_REQUIRED ACTION_
Given the records below, would you repeat exactly the lines that begin at the one containing "(nat \<Rightarrow> 'a::field) \<Rightarrow>" and end at the one containing "(nat \<Rightarrow> nat", inclusive?

_THE DATA_
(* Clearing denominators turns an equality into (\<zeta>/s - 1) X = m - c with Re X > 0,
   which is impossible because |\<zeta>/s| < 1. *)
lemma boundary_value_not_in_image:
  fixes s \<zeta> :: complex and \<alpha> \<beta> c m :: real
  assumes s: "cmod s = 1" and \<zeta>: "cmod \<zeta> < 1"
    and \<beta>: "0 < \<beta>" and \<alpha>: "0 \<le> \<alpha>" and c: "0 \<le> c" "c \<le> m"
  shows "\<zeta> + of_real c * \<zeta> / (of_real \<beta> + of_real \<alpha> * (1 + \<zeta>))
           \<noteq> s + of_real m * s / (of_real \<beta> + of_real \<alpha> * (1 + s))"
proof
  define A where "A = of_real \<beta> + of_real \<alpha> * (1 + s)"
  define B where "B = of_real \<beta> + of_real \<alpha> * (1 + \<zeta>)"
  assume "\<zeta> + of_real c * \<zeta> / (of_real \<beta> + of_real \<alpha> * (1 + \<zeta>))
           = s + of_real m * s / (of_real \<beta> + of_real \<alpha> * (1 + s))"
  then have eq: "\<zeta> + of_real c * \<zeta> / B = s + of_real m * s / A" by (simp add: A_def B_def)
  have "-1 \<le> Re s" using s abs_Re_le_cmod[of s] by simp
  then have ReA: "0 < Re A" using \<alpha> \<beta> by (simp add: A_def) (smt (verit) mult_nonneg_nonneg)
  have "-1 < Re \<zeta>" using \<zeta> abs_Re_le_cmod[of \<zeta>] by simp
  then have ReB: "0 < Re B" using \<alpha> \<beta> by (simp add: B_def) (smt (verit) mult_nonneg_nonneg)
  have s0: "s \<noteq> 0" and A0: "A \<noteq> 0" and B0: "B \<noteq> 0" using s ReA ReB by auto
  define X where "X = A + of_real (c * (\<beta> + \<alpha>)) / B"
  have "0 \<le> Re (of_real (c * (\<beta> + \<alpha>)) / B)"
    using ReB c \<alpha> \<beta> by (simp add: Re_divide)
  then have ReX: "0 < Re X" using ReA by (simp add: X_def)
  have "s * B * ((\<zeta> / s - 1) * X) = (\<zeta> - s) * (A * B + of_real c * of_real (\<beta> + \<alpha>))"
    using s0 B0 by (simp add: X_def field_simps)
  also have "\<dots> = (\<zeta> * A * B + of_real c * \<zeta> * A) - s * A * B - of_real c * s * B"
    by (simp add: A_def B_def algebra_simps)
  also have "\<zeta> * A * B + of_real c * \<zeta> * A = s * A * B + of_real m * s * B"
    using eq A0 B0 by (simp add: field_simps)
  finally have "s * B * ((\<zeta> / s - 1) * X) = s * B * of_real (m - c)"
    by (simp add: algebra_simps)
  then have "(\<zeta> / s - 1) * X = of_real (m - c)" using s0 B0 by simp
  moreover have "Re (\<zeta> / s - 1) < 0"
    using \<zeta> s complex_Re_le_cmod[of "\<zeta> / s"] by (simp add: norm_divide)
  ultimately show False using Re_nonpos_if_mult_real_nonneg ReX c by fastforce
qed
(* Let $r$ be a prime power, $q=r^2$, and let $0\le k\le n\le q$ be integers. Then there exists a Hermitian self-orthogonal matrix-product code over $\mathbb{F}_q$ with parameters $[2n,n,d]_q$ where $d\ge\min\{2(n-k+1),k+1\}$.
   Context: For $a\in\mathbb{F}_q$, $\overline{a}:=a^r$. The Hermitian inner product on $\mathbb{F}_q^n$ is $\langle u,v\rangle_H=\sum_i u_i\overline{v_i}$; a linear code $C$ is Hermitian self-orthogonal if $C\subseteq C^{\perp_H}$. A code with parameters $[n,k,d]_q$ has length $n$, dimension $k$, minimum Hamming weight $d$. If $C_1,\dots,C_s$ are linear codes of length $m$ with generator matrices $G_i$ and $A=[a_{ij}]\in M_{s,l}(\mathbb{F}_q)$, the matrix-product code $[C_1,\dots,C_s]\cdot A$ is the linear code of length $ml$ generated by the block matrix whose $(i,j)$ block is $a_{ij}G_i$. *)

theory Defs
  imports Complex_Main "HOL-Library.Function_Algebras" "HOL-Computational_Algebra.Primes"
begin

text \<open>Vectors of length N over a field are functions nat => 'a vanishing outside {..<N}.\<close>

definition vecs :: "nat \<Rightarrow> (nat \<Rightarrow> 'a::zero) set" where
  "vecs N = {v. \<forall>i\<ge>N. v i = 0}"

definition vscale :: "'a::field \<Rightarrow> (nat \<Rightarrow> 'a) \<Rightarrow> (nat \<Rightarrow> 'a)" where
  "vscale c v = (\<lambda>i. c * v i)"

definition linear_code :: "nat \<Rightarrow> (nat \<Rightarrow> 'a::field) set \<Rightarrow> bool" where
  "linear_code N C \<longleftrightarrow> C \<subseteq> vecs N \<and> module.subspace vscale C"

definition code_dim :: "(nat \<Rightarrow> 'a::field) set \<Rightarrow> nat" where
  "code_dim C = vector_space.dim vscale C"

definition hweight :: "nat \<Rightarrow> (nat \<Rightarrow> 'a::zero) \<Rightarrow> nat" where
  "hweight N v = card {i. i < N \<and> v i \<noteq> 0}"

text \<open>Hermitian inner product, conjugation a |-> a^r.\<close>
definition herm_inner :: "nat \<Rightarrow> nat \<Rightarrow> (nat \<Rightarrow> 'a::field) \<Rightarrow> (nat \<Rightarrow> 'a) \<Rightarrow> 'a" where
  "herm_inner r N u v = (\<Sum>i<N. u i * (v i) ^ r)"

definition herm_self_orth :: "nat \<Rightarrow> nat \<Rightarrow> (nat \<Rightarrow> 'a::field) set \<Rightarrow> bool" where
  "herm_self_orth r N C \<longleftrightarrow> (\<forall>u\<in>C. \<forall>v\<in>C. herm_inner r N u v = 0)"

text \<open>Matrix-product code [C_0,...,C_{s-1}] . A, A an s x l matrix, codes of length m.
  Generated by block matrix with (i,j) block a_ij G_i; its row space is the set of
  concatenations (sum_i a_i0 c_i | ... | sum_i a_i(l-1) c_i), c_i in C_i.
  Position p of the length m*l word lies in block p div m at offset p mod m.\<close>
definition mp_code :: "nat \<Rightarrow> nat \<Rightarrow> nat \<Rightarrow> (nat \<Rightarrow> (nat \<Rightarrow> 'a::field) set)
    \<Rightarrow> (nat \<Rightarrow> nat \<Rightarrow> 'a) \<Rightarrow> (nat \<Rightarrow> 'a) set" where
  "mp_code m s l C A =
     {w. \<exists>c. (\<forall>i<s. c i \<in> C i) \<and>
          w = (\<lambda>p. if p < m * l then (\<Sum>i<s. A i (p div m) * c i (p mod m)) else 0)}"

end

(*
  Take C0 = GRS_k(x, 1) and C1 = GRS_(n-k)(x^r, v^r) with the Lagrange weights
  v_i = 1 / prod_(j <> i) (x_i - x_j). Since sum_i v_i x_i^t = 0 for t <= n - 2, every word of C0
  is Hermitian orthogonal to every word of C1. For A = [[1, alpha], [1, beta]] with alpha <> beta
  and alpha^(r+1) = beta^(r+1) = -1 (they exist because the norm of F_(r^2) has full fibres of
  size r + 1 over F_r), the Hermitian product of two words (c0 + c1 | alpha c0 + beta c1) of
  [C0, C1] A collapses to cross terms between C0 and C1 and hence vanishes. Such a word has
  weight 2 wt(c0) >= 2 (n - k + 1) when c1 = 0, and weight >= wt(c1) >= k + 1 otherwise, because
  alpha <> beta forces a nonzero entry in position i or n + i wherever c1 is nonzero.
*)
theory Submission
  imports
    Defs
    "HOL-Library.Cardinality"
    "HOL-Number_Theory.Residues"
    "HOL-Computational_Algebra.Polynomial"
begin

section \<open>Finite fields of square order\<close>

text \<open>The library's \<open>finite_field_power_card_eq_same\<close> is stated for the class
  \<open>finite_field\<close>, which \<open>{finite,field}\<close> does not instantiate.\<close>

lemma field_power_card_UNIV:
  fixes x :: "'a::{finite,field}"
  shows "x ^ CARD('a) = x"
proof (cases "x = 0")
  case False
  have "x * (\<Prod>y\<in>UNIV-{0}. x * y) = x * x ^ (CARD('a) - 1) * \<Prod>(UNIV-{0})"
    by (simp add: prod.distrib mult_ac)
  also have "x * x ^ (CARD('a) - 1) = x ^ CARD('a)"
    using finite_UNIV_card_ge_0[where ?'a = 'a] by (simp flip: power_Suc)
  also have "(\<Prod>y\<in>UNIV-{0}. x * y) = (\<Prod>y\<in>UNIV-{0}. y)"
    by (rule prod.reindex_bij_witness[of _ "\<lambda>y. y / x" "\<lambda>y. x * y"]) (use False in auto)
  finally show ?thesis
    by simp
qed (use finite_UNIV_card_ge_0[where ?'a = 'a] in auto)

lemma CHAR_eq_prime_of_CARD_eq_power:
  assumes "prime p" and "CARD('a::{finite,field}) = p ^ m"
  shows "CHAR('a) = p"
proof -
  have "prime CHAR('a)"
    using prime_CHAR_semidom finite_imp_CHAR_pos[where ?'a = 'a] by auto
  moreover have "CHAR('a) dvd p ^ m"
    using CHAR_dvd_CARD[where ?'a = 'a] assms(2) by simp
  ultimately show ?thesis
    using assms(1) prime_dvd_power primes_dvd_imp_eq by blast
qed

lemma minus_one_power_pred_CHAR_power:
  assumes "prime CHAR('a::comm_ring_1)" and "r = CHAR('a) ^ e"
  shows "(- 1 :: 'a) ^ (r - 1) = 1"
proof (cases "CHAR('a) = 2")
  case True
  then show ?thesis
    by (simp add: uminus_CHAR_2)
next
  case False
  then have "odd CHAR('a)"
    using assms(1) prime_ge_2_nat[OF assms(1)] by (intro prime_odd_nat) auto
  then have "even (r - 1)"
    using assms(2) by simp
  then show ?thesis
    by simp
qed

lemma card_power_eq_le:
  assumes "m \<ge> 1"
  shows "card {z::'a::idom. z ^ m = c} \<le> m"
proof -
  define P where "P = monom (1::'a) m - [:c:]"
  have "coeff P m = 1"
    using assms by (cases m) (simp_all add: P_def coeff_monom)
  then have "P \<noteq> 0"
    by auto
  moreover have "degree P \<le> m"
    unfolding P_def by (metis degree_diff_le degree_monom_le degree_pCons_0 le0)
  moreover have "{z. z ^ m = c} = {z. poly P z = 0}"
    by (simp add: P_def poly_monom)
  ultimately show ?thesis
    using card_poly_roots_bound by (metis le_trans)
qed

_SOLVED PROBLEM_
definition herm_inner :: "nat \<Rightarrow> nat \<Rightarrow> (nat \<Rightarrow> 'a::field) \<Rightarrow> (nat \<Rightarrow> 'a) \<Rightarrow> 'a" where
  "herm_inner r N u v = (\<Sum>i<N. u i * (v i) ^ r)"

definition herm_self_orth :: "nat \<Rightarrow> nat \<Rightarrow> (nat \<Rightarrow> 'a::field) set \<Rightarrow> bool" where
  "herm_self_orth r N C \<longleftrightarrow> (\<forall>u\<in>C. \<forall>v\<in>C. herm_inner r N u v = 0)"

text \<open>Matrix-product code [C_0,...,C_{s-1}] . A, A an s x l matrix, codes of length m.
  Generated by block matrix with (i,j) block a_ij G_i; its row space is the set of
  concatenations (sum_i a_i0 c_i | ... | sum_i a_i(l-1) c_i), c_i in C_i.
  Position p of the length m*l word lies in block p div m at offset p mod m.\<close>
definition mp_code :: "nat \<Rightarrow> nat \<Rightarrow> nat \<Rightarrow> (nat \<Rightarrow> (nat \<Rightarrow> 'a::field) set)
    \<Rightarrow> (nat \<Rightarrow> nat \<Rightarrow> 'a) \<Rightarrow> (nat \<Rightarrow> 'a) set" where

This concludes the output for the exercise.